Estos niveles de aceptación del fraude se definen teniendo en cuenta los incidentes de fraude anteriores y los controles existentes antes de que se produzcan los incidentes de fraude. En caso de que los controles incorporados sean débiles y complejos, la dirección deberá definir el nivel de riesgo de fraude aceptable en consecuencia. Pero en una situación ideal, la dirección debe asegurarse de que se definan y apliquen controles sólidos en la organización y los departamentos.

Cuestiones a tratar

La dirección debe comprender las razones por las que se produjeron fraudes en el pasado y debe abordar cuestiones como:

  • No se comprendieron plenamente los riesgos de fraude
  • Los controles eran insuficientes y débiles en su diseño y funcionamiento
  • ¿Fueron anulados los controles
  • ¿El sistema ha pasado por alto algún aviso de fraude?

Responder a estas preguntas ayuda a encontrar la causa de los incidentes de fraude y permite a la organización rectificar las lagunas en los procesos, mediante la aplicación de controles preventivos y detectivos del fraude más sólidos.

Reflexiones finales

Una evaluación del riesgo de fraude está diseñada para abordar las vulnerabilidades de una empresa ante el fraude interno y externo.

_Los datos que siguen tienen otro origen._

(* Let $I,I'\subset\mathbb{K}[x_1,\dots,x_n]$ be monomial ideals and define $m_I(\alpha)=\#E_\alpha(I)$ for $\alpha\in\mathbb{Z}^n$, and similarly $m_{I'}$. Suppose that $m_I(\alpha)=m_{I'}(\alpha)$ for all $\alpha\in\mathbb{Z}^n_{\ge0}$, and also for all $\alpha\in\mathbb{Z}^n\setminus\mathbb{Z}^n_{\ge0}$ such that there exists $1\le k\le n$ with $\alpha+e_k\in\mathbb{Z}^n_{\ge0}$ and $m_I(\alpha+e_k)=0$. Then $I=I'$.
   Context: $e_1,\dots,e_n$ is the standard basis of $\mathbb{Z}^n$. For a monomial ideal $I$, $\operatorname{supp}(I)=\{m\in\mathbb{Z}^n_{\ge0}\mid\mathbf{x}^m\in I\}$, $\operatorname{supp}^c(I)=\mathbb{Z}^n_{\ge0}\setminus\operatorname{supp}(I)$, and $E_\alpha(I)=\{e_i\mid\alpha+e_i\in\operatorname{supp}^c(I)\}$ for $\alpha\in\mathbb{Z}^n$. *)

theory Defs
  imports "HOL-Library.Poly_Mapping" "HOL-Library.Function_Algebras"
begin

text \<open>Polynomial ring K[x_i | i in 'n] over a field K, with a finite type 'n of
  variables (so n = CARD('n)).\<close>

type_synonym ('n, 'k) mpoly = "('n \<Rightarrow>\<^sub>0 nat) \<Rightarrow>\<^sub>0 'k"

definition xmon :: "('n \<Rightarrow>\<^sub>0 nat) \<Rightarrow> ('n, 'k::field) mpoly" where
  "xmon m = Poly_Mapping.single m 1"

definition is_ideal :: "('n, 'k::field) mpoly set \<Rightarrow> bool" where
  "is_ideal I \<longleftrightarrow> 0 \<in> I \<and> (\<forall>p\<in>I. \<forall>q\<in>I. p + q \<in> I) \<and> (\<forall>p\<in>I. \<forall>r. r * p \<in> I)"

definition ideal_gen :: "('n, 'k::field) mpoly set \<Rightarrow> ('n, 'k) mpoly set" where
  "ideal_gen S = \<Inter>{J. is_ideal J \<and> S \<subseteq> J}"

definition monomial_ideal :: "('n, 'k::field) mpoly set \<Rightarrow> bool" where
  "monomial_ideal I \<longleftrightarrow> (\<exists>M. I = ideal_gen (xmon ` M))"

definition nonneg :: "('n \<Rightarrow> int) \<Rightarrow> bool" where
  "nonneg \<alpha> \<longleftrightarrow> (\<forall>i. 0 \<le> \<alpha> i)"

definition to_mon :: "('n::finite \<Rightarrow> int) \<Rightarrow> ('n \<Rightarrow>\<^sub>0 nat)" where
  "to_mon \<alpha> = Abs_poly_mapping (\<lambda>i. nat (\<alpha> i))"

definition supp_mi :: "('n::finite, 'k::field) mpoly set \<Rightarrow> ('n \<Rightarrow> int) set" where
  "supp_mi I = {\<alpha>. nonneg \<alpha> \<and> xmon (to_mon \<alpha>) \<in> I}"

definition suppc_mi :: "('n::finite, 'k::field) mpoly set \<Rightarrow> ('n \<Rightarrow> int) set" where
  "suppc_mi I = {\<alpha>. nonneg \<alpha>} - supp_mi I"

definition unitvec :: "'n \<Rightarrow> ('n \<Rightarrow> int)" where
  "unitvec i = (\<lambda>j. if j = i then 1 else 0)"

definition E_set :: "('n::finite, 'k::field) mpoly set \<Rightarrow> ('n \<Rightarrow> int) \<Rightarrow> ('n \<Rightarrow> int) set" where
  "E_set I \<alpha> = {unitvec i | i. \<alpha> + unitvec i \<in> suppc_mi I}"

definition m_fun :: "('n::finite, 'k::field) mpoly set \<Rightarrow> ('n \<Rightarrow> int) \<Rightarrow> nat" where
  "m_fun I \<alpha> = card (E_set I \<alpha>)"

end

theory Submission
  imports Defs
begin

text \<open>A monomial ideal contains a polynomial iff it contains every monomial of its support,
  so it is determined by its support. The support is reconstructed one coordinate line at
  a time: fix a variable \<open>k\<close> and induct on \<open>\<beta> k\<close>. If \<open>\<beta> k = 0\<close>, the point
  \<open>\<alpha> = \<beta> - e\<^sub>k\<close> lies outside the orthant and has \<open>\<beta>\<close> as its only neighbour in it, so
  \<open>m\<^sub>I(\<alpha>)\<close> records whether \<open>\<beta> \<in> supp(I)\<close>; the hypothesis on such \<open>\<alpha>\<close> applies when
  \<open>m\<^sub>I(\<beta>) = 0\<close>, and otherwise \<open>\<beta>\<close> lies in neither support because supports are
  upward closed. If \<open>\<beta> k > 0\<close>, the neighbours \<open>\<gamma> + e\<^sub>i\<close> (\<open>i \<noteq> k\<close>) of \<open>\<gamma> = \<beta> - e\<^sub>k\<close> are
  settled by induction, and \<open>m\<^sub>I(\<gamma>) = m\<^sub>I\<^sub>'(\<gamma>)\<close> then forces agreement at \<open>\<gamma> + e\<^sub>k = \<beta>\<close>.\<close>

lemma is_ideal_ideal_gen: "is_ideal (ideal_gen S)"
  unfolding ideal_gen_def is_ideal_def by auto

lemma ideal_gen_superset: "S \<subseteq> ideal_gen S"
  unfolding ideal_gen_def by auto

lemma ideal_gen_least: "is_ideal J \<Longrightarrow> S \<subseteq> J \<Longrightarrow> ideal_gen S \<subseteq> J"
  unfolding ideal_gen_def by auto

lemma is_ideal_sum_mem:
  assumes "is_ideal J" "finite A" "\<And>a. a \<in> A \<Longrightarrow> f a \<in> J"
  shows "sum f A \<in> J"
  using assms(2,3) by (induction A rule: finite_induct) (use assms(1) in \<open>auto simp: is_ideal_def\<close>)

lemma monomial_ideal_is_ideal: "monomial_ideal I \<Longrightarrow> is_ideal I"
  unfolding monomial_ideal_def using is_ideal_ideal_gen by blast

lemma xmon_add: "xmon (a + b) = (xmon a * xmon b :: ('n, 'k::field) mpoly)"
  unfolding xmon_def by (simp add: mult_single)

lemma keys_xmon: "Poly_Mapping.keys (xmon m :: ('n, 'k::field) mpoly) = {m}"
  by (simp add: xmon_def)

lemma mpoly_eq_sum_monomials:
  "(p :: ('n, 'k::field) mpoly) =
     (\<Sum>m\<in>Poly_Mapping.keys p. Poly_Mapping.single 0 (Poly_Mapping.lookup p m) * xmon m)"
proof (rule poly_mapping_eqI)
  fix k
  have "Poly_Mapping.lookup
          (\<Sum>m\<in>Poly_Mapping.keys p. Poly_Mapping.single 0 (Poly_Mapping.lookup p m) * xmon m) k
      = (\<Sum>m\<in>Poly_Mapping.keys p. Poly_Mapping.lookup (Poly_Mapping.single m (Poly_Mapping.lookup p m)) k)"
    by (simp add: lookup_sum xmon_def mult_single)
  also have "\<dots> = Poly_Mapping.lookup p k"
    by (simp add: lookup_single when_def in_keys_iff)
  finally show "Poly_Mapping.lookup p k = Poly_Mapping.lookup
          (\<Sum>m\<in>Poly_Mapping.keys p. Poly_Mapping.single 0 (Poly_Mapping.lookup p m) * xmon m) k"
    by simp
qed

lemma monomial_ideal_mem_iff_keys:
  fixes I :: "('n, 'k::field) mpoly set"
  assumes "monomial_ideal I"
  shows "p \<in> I \<longleftrightarrow> (\<forall>m\<in>Poly_Mapping.keys p. xmon m \<in> I)"
proof -
  obtain M where M: "I = ideal_gen (xmon ` M)"
    using assms monomial_ideal_def by blast
  have ideal: "is_ideal I"
    using assms by (rule monomial_ideal_is_ideal)
  define J where "J = {p :: ('n, 'k) mpoly. \<forall>m\<in>Poly_Mapping.keys p. xmon m \<in> I}"
  have "is_ideal J"
    unfolding is_ideal_def
  proof (intro conjI ballI allI)
    show "0 \<in> J" by (simp add: J_def)
  next
    fix p q assume "p \<in> J" "q \<in> J"
    then show "p + q \<in> J" using keys_add[of p q] by (auto simp: J_def)
  next
    fix p r assume p: "p \<in> J"
    have "xmon m \<in> I" if m: "m \<in> Poly_Mapping.keys (r * p)" for m
    proof -
      obtain a b where "m = a + b" "b \<in> Poly_Mapping.keys p"
        using m keys_mult[of r p] by blast
      then show ?thesis
        using p ideal unfolding J_def is_ideal_def by (simp add: xmon_add)
    qed
    then show "r * p \<in> J" by (simp add: J_def)
  qed
  moreover have "xmon ` M \<subseteq> J"
    using ideal_gen_superset[of "xmon ` M"] by (auto simp: J_def M keys_xmon)
  ultimately have "I \<subseteq> J"
    unfolding M by (rule ideal_gen_least)
  moreover have "J \<subseteq> I"
  proof
    fix p assume "p \<in> J"
    then have "(\<Sum>m\<in>Poly_Mapping.keys p. Poly_Mapping.single 0 (Poly_Mapping.lookup p m) * xmon m) \<in> I"
      using ideal by (intro is_ideal_sum_mem) (auto simp: J_def is_ideal_def)
    then show "p \<in> I"
      using mpoly_eq_sum_monomials[of p] by argo
  qed
  ultimately show ?thesis
    by (auto simp: J_def)
qed

lemma monomial_ideal_eqI:
  fixes I I' :: "('n, 'k::field) mpoly set"
  assumes "monomial_ideal I" "monomial_ideal I'" "\<And>m. xmon m \<in> I \<longleftrightarrow> xmon m \<in> I'"
  shows "I = I'"
  using monomial_ideal_mem_iff_keys[OF assms(1)] monomial_ideal_mem_iff_keys[OF assms(2)] assms(3)
  by blast

lemma lookup_to_mon: "Poly_Mapping.lookup (to_mon \<alpha>) = (\<lambda>i. nat (\<alpha> i))"
  unfolding to_mon_def by (simp add: lookup_Abs_poly_mapping)

lemma to_mon_of_lookup: "to_mon (\<lambda>i. int (Poly_Mapping.lookup m i)) = m"
  by (rule poly_mapping_eqI) (simp add: lookup_to_mon)

lemma to_mon_add_unitvec:
  assumes "nonneg \<beta>"
  shows "to_mon (\<beta> + unitvec i) = Poly_Mapping.single i 1 + to_mon \<beta>"
  using assms
  by (intro poly_mapping_eqI)
     (simp add: nonneg_def lookup_to_mon lookup_add lookup_single when_def unitvec_def nat_add_distrib)

lemma nonneg_add_unitvec: "nonneg \<beta> \<Longrightarrow> nonneg (\<beta> + unitvec i)"
  unfolding nonneg_def unitvec_def by auto

lemma suppc_mi_iff: "\<beta> \<in> suppc_mi I \<longleftrightarrow> nonneg \<beta> \<and> \<beta> \<notin> supp_mi I"
  unfolding suppc_mi_def by auto

lemma supp_mi_add_unitvec:
  assumes "monomial_ideal I" "\<beta> \<in> supp_mi I"
  shows "\<beta> + unitvec i \<in> supp_mi I"
  using assms monomial_ideal_is_ideal[OF assms(1)]
  by (simp add: supp_mi_def is_ideal_def nonneg_add_unitvec to_mon_add_unitvec xmon_add)

lemma m_fun_eq_card: "m_fun I \<alpha> = card {i. \<alpha> + unitvec i \<in> suppc_mi I}"
proof -
  have "inj unitvec"
    unfolding inj_def unitvec_def by (metis zero_neq_one)
  moreover have "E_set I \<alpha> = unitvec ` {i. \<alpha> + unitvec i \<in> suppc_mi I}"
    unfolding E_set_def by auto
  ultimately show ?thesis
    unfolding m_fun_def by (metis card_image inj_on_subset subset_UNIV)
qed

lemma m_fun_eq_0_if_mem_supp_mi:
  "monomial_ideal I \<Longrightarrow> \<beta> \<in> supp_mi I \<Longrightarrow> m_fun I \<beta> = 0"
  by (simp add: m_fun_eq_card suppc_mi_iff supp_mi_add_unitvec)

lemma m_fun_minus_unitvec_on_boundary:
  assumes "nonneg \<beta>" "\<beta> k = 0"
  shows "m_fun I (\<beta> - unitvec k) = (if \<beta> \<in> supp_mi I then 0 else 1)"
proof -
  have "\<not> nonneg (\<beta> - unitvec k + unitvec i)" if "i \<noteq> k" for i
    using assms that unfolding nonneg_def unitvec_def by (auto intro!: exI[of _ k])
  then have "\<beta> - unitvec k + unitvec i \<in> suppc_mi I \<longleftrightarrow> i = k \<and> \<beta> \<notin> supp_mi I" for i
    using assms(1) by (cases "i = k") (auto simp: suppc_mi_iff)
  then have "{i. \<beta> - unitvec k + unitvec i \<in> suppc_mi I} = (if \<beta> \<in> supp_mi I then {} else {k})"
    by auto
  then show ?thesis
    by (simp add: m_fun_eq_card)
qed

lemma mem_iff_if_card_eq_and_Diff_singleton_eq:
  assumes "finite A" "finite B" "card A = card B" "A - {x} = B - {x}"
  shows "x \<in> A \<longleftrightarrow> x \<in> B"
  using assms card_Diff1_less_iff[of A x] card_Diff1_less_iff[of B x]
  by metis

lemma supp_mi_agree_at_add_unitvec:
  assumes "nonneg \<gamma>" "m_fun I \<gamma> = m_fun I' \<gamma>"
    and "\<And>i. i \<noteq> k \<Longrightarrow> \<gamma> + unitvec i \<in> supp_mi I \<longleftrightarrow> \<gamma> + unitvec i \<in> supp_mi I'"
  shows "\<gamma> + unitvec k \<in> supp_mi I \<longleftrightarrow> \<gamma> + unitvec k \<in> supp_mi I'"
proof -
  define A where "A = {i. \<gamma> + unitvec i \<in> suppc_mi I}"
  define B where "B = {i. \<gamma> + unitvec i \<in> suppc_mi I'}"
  have "A - {k} = B - {k}"
    using assms(3) by (auto simp: A_def B_def suppc_mi_iff)
  moreover have "card A = card B"
    using assms(2) by (simp add: A_def B_def m_fun_eq_card)
  ultimately have "k \<in> A \<longleftrightarrow> k \<in> B"
    by (intro mem_iff_if_card_eq_and_Diff_singleton_eq) auto
  then show ?thesis
    using assms(1) by (simp add: A_def B_def suppc_mi_iff nonneg_add_unitvec)
qed

lemma supp_mi_agree_on_boundary:
  assumes "monomial_ideal I" "monomial_ideal I'" "nonneg \<beta>" "\<beta> k = 0"
    and "m_fun I \<beta> = m_fun I' \<beta>"
    and "m_fun I \<beta> = 0 \<Longrightarrow> m_fun I (\<beta> - unitvec k) = m_fun I' (\<beta> - unitvec k)"
  shows "\<beta> \<in> supp_mi I \<longleftrightarrow> \<beta> \<in> supp_mi I'"
proof (cases "m_fun I \<beta> = 0")
  case True
  then show ?thesis
    using assms(3-6) by (simp add: m_fun_minus_unitvec_on_boundary split: if_splits)
next
  case False
  then show ?thesis
    using assms(1,2,5) m_fun_eq_0_if_mem_supp_mi by metis
qed

lemma supp_mi_eq_if_m_fun_agrees:
  fixes I I' :: "('n::finite, 'k::field) mpoly set"
  assumes "monomial_ideal I" and "monomial_ideal I'"
    and "\<forall>\<alpha>. nonneg \<alpha> \<longrightarrow> m_fun I \<alpha> = m_fun I' \<alpha>"
    and "\<forall>\<alpha>. (\<not> nonneg \<alpha> \<and> (\<exists>k. nonneg (\<alpha> + unitvec k) \<and> m_fun I (\<alpha> + unitvec k) = 0))
              \<longrightarrow> m_fun I \<alpha> = m_fun I' \<alpha>"
  shows "supp_mi I = supp_mi I'"
proof -
  fix k :: 'n
  have agree: "\<beta> \<in> supp_mi I \<longleftrightarrow> \<beta> \<in> supp_mi I'" if "nonneg \<beta>" "\<beta> k = int c" for \<beta> c
    using that
  proof (induction c arbitrary: \<beta>)
    case 0
    have "\<not> nonneg (\<beta> - unitvec k)"
      using 0 by (auto simp: nonneg_def unitvec_def intro!: exI[of _ k])
    then have "m_fun I \<beta> = 0 \<Longrightarrow> m_fun I (\<beta> - unitvec k) = m_fun I' (\<beta> - unitvec k)"
      using assms(4) 0 by (metis diff_add_cancel)
    then show ?case
      using 0 assms(1-3) by (intro supp_mi_agree_on_boundary) auto
  next
    case (Suc c)
    define \<gamma> where "\<gamma> = \<beta> - unitvec k"
    have \<gamma>_nonneg: "nonneg \<gamma>"
      using Suc.prems by (auto simp: \<gamma>_def nonneg_def unitvec_def)
    have \<gamma>_coord: "(\<gamma> + unitvec i) k = int c" if "i \<noteq> k" for i
      using Suc.prems that by (simp add: \<gamma>_def unitvec_def)
    have "\<gamma> + unitvec k \<in> supp_mi I \<longleftrightarrow> \<gamma> + unitvec k \<in> supp_mi I'"
    proof (rule supp_mi_agree_at_add_unitvec[OF \<gamma>_nonneg])
      show "m_fun I \<gamma> = m_fun I' \<gamma>"
        using assms(3) \<gamma>_nonneg by blast
      show "\<gamma> + unitvec i \<in> supp_mi I \<longleftrightarrow> \<gamma> + unitvec i \<in> supp_mi I'" if "i \<noteq> k" for i
        by (rule Suc.IH[OF nonneg_add_unitvec[OF \<gamma>_nonneg] \<gamma>_coord[OF that]])
    qed
    then show ?case
      by (simp add: \<gamma>_def)
  qed
  then have "\<beta> \<in> supp_mi I \<longleftrightarrow> \<beta> \<in> supp_mi I'" if "nonneg \<beta>" for \<beta>
    using agree[OF that, of "nat (\<beta> k)"] that by (simp add: nonneg_def)
  then show ?thesis
    by (auto simp: supp_mi_def)
qed

lemma xmon_mem_iff_supp_mi:
  "xmon m \<in> I \<longleftrightarrow> (\<lambda>i. int (Poly_Mapping.lookup m i)) \<in> supp_mi I"
  by (simp add: supp_mi_def nonneg_def to_mon_of_lookup)

theorem corollary3p3:
  fixes I I' :: "('n::finite, 'k::field) mpoly set"
  assumes "monomial_ideal I" and "monomial_ideal I'"
    and "\<forall>\<alpha>. nonneg \<alpha> \<longrightarrow> m_fun I \<alpha> = m_fun I' \<alpha>"
    and "\<forall>\<alpha>. (\<not> nonneg \<alpha> \<and> (\<exists>k. nonneg (\<alpha> + unitvec k) \<and> m_fun I (\<alpha> + unitvec k) = 0))
              \<longrightarrow> m_fun I \<alpha> = m_fun I' \<alpha>"
  shows "I = I'"
proof (rule monomial_ideal_eqI[OF assms(1,2)])
  fix m
  show "xmon m \<in> I \<longleftrightarrow> xmon m \<in> I'"
    using supp_mi_eq_if_m_fun_agrees[OF assms] by (simp add: xmon_mem_iff_supp_mi)
qed

end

Aunque los tipos de fraude varían según la línea de negocio, los fraudes internos incluyen la malversación y la apropiación indebida de activos, mientras que los fraudes externos incluyen la piratería informática y el robo de información de propiedad.

Las deficiencias de control interno son utilizadas con frecuencia por los autores para cometer fraudes. Una evaluación del riesgo de fraude, cuando se utiliza para comprender estas debilidades y el entorno de riesgo, puede ayudar a la dirección a desarrollar un plan de gestión de riesgos maduro.